Of the entries below, return exactly those lines that fall between the one containing "by (simp add: Sym_tensor_neg" and the one containing "fixes m n :: nat and A :: tensor", the two end lines included.

□ □ □ □ □ □ □

(* Let $m,n\ge 2$ be integers and let $\mathcal{A}\in T_{m,n}$. If $\mathcal{A}$ is a nonzero genuinely positive definite tensor, then $-\mathcal{A}$ is not a genuinely positive definite tensor. If $\mathcal{A}$ is a barren tensor, then $-\mathcal{A}$ is also a barren tensor.
   Context: $T_{m,n}$ denotes the set of real $m$th order $n$-dimensional cubic tensors $\mathcal{A}=(a_{i_1\dots i_m})$, $i_1,\dots,i_m\in\{1,\dots,n\}$. For $\mathcal{A}\in T_{m,n}$, $\mathrm{Sym}(\mathcal{A})$ is the unique symmetric tensor $\mathcal{B}$ (entries invariant under permutation of indices) with $\mathcal{B}\mathbf{x}^m=\mathcal{A}\mathbf{x}^m$ for all $\mathbf{x}\in\mathbb{R}^n$, where $\mathcal{A}\mathbf{x}^m=\sum_{i_1,\dots,i_m}a_{i_1\dots i_m}x_{i_1}\cdots x_{i_m}$. For $\mathbf{x}$, $\mathcal{A}\mathbf{x}^{m-1}$ is the vector with $i$th component $\sum_{i_2,\dots,i_m}a_{ii_2\dots i_m}x_{i_2}\cdots x_{i_m}$, and $\mathbf{x}^{[m-1]}=(x_i^{m-1})_i$. A real number $\lambda$ is an H-eigenvalue of $\mathcal{A}$ if there is a nonzero $\mathbf{x}\in\mathbb{R}^n$ with $\mathcal{A}\mathbf{x}^{m-1}=\lambda\mathbf{x}^{[m-1]}$. $\mathcal{A}$ is genuinely positive definite if $\mathrm{Sym}(\mathcal{A})$ has at least one H-eigenvalue and all its H-eigenvalues are positive. $\mathcal{A}$ is a barren tensor if $\mathrm{Sym}(\mathcal{A})$ has no H-eigenvalue. *)

theory Defs
  imports Complex_Main "HOL-Combinatorics.Permutations"
begin

text \<open>A real tensor of order m and dimension n is represented as a function on
index lists; only lists of length m with entries in {0..<n} (0-based indices) are relevant.\<close>

type_synonym tensor = "nat list \<Rightarrow> real"

definition idx :: "nat \<Rightarrow> nat \<Rightarrow> nat list set" where
  "idx m n = {is. length is = m \<and> set is \<subseteq> {..<n}}"

definition tensor_neg :: "tensor \<Rightarrow> tensor" where
  "tensor_neg A = (\<lambda>is. - A is)"

definition tensor_nonzero :: "nat \<Rightarrow> nat \<Rightarrow> tensor \<Rightarrow> bool" where
  "tensor_nonzero m n A \<longleftrightarrow> (\<exists>is\<in>idx m n. A is \<noteq> 0)"

definition Sym :: "nat \<Rightarrow> tensor \<Rightarrow> tensor" where
  "Sym m A = (\<lambda>is. (\<Sum>p\<in>{p. p permutes {..<m}}. A (map (\<lambda>k. is ! p k) [0..<m])) / fact m)"

definition tensor_apply :: "nat \<Rightarrow> nat \<Rightarrow> tensor \<Rightarrow> (nat \<Rightarrow> real) \<Rightarrow> nat \<Rightarrow> real" where
  "tensor_apply m n A x i =
     (\<Sum>js\<in>idx (m - 1) n. A (i # js) * (\<Prod>k<m - 1. x (js ! k)))"

definition H_eigenvalue :: "nat \<Rightarrow> nat \<Rightarrow> tensor \<Rightarrow> real \<Rightarrow> bool" where
  "H_eigenvalue m n A lam \<longleftrightarrow>
     (\<exists>x :: nat \<Rightarrow> real. (\<exists>i<n. x i \<noteq> 0) \<and>
        (\<forall>i<n. tensor_apply m n A x i = lam * x i ^ (m - 1)))"

definition genuinely_pd :: "nat \<Rightarrow> nat \<Rightarrow> tensor \<Rightarrow> bool" where
  "genuinely_pd m n A \<longleftrightarrow>
     (\<exists>lam. H_eigenvalue m n (Sym m A) lam) \<and>
     (\<forall>lam. H_eigenvalue m n (Sym m A) lam \<longrightarrow> lam > 0)"

definition barren :: "nat \<Rightarrow> nat \<Rightarrow> tensor \<Rightarrow> bool" where
  "barren m n A \<longleftrightarrow> \<not> (\<exists>lam. H_eigenvalue m n (Sym m A) lam)"

end

theory Submission
  imports Defs
begin

text \<open>Symmetrization and the map x \<mapsto> A x^{m-1} are linear in A, so the H-eigenvalues of
Sym(-A) are exactly the negatives of those of Sym(A). A nonempty set of positive reals
negates to a nonempty set of negative reals, and the empty set negates to itself.\<close>

lemma Sym_tensor_neg: "Sym m (tensor_neg A) = tensor_neg (Sym m A)"
  unfolding Sym_def tensor_neg_def by (simp add: sum_negf)

lemma tensor_apply_tensor_neg:
  "tensor_apply m n (tensor_neg A) x i = - tensor_apply m n A x i"
  unfolding tensor_apply_def tensor_neg_def by (simp add: sum_negf)

lemma H_eigenvalue_tensor_neg:
  "H_eigenvalue m n (tensor_neg A) lam \<longleftrightarrow> H_eigenvalue m n A (- lam)"
proof -
  have neg_eq_iff: "- a = b \<longleftrightarrow> a = - b" for a b :: real
    by auto
  show ?thesis
    unfolding H_eigenvalue_def tensor_apply_tensor_neg neg_eq_iff by simp
qed

lemma H_eigenvalue_Sym_tensor_neg:
  "H_eigenvalue m n (Sym m (tensor_neg A)) lam \<longleftrightarrow> H_eigenvalue m n (Sym m A) (- lam)"
  by (simp add: Sym_tensor_neg H_eigenvalue_tensor_neg)

lemma genuinely_pd_imp_not_genuinely_pd_neg:
  assumes "genuinely_pd m n A"
  shows "\<not> genuinely_pd m n (tensor_neg A)"
proof
  assume "genuinely_pd m n (tensor_neg A)"
  then obtain lam where "H_eigenvalue m n (Sym m A) (- lam)" and "lam > 0"
    unfolding genuinely_pd_def H_eigenvalue_Sym_tensor_neg by blast
  with assms show False
    unfolding genuinely_pd_def by force
qed

lemma barren_tensor_neg_iff: "barren m n (tensor_neg A) \<longleftrightarrow> barren m n A"
  unfolding barren_def H_eigenvalue_Sym_tensor_neg by (metis minus_minus)

theorem proposition2p1:
  fixes m n :: nat and A :: tensor
  assumes "m \<ge> 2" and "n \<ge> 2"
  shows "(tensor_nonzero m n A \<and> genuinely_pd m n A \<longrightarrow> \<not> genuinely_pd m n (tensor_neg A))
       \<and> (barren m n A \<longrightarrow> barren m n (tensor_neg A))"
  by (simp add: genuinely_pd_imp_not_genuinely_pd_neg barren_tensor_neg_iff)

end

□ □ □ □ □ □ □

_Answer to the problem_:
  by (simp add: Sym_tensor_neg H_eigenvalue_tensor_neg)

lemma genuinely_pd_imp_not_genuinely_pd_neg:
  assumes "genuinely_pd m n A"
  shows "\<not> genuinely_pd m n (tensor_neg A)"
proof
  assume "genuinely_pd m n (tensor_neg A)"
  then obtain lam where "H_eigenvalue m n (Sym m A) (- lam)" and "lam > 0"
    unfolding genuinely_pd_def H_eigenvalue_Sym_tensor_neg by blast
  with assms show False
    unfolding genuinely_pd_def by force
qed

lemma barren_tensor_neg_iff: "barren m n (tensor_neg A) \<longleftrightarrow> barren m n A"
  unfolding barren_def H_eigenvalue_Sym_tensor_neg by (metis minus_minus)

theorem proposition2p1:
  fixes m n :: nat and A :: tensor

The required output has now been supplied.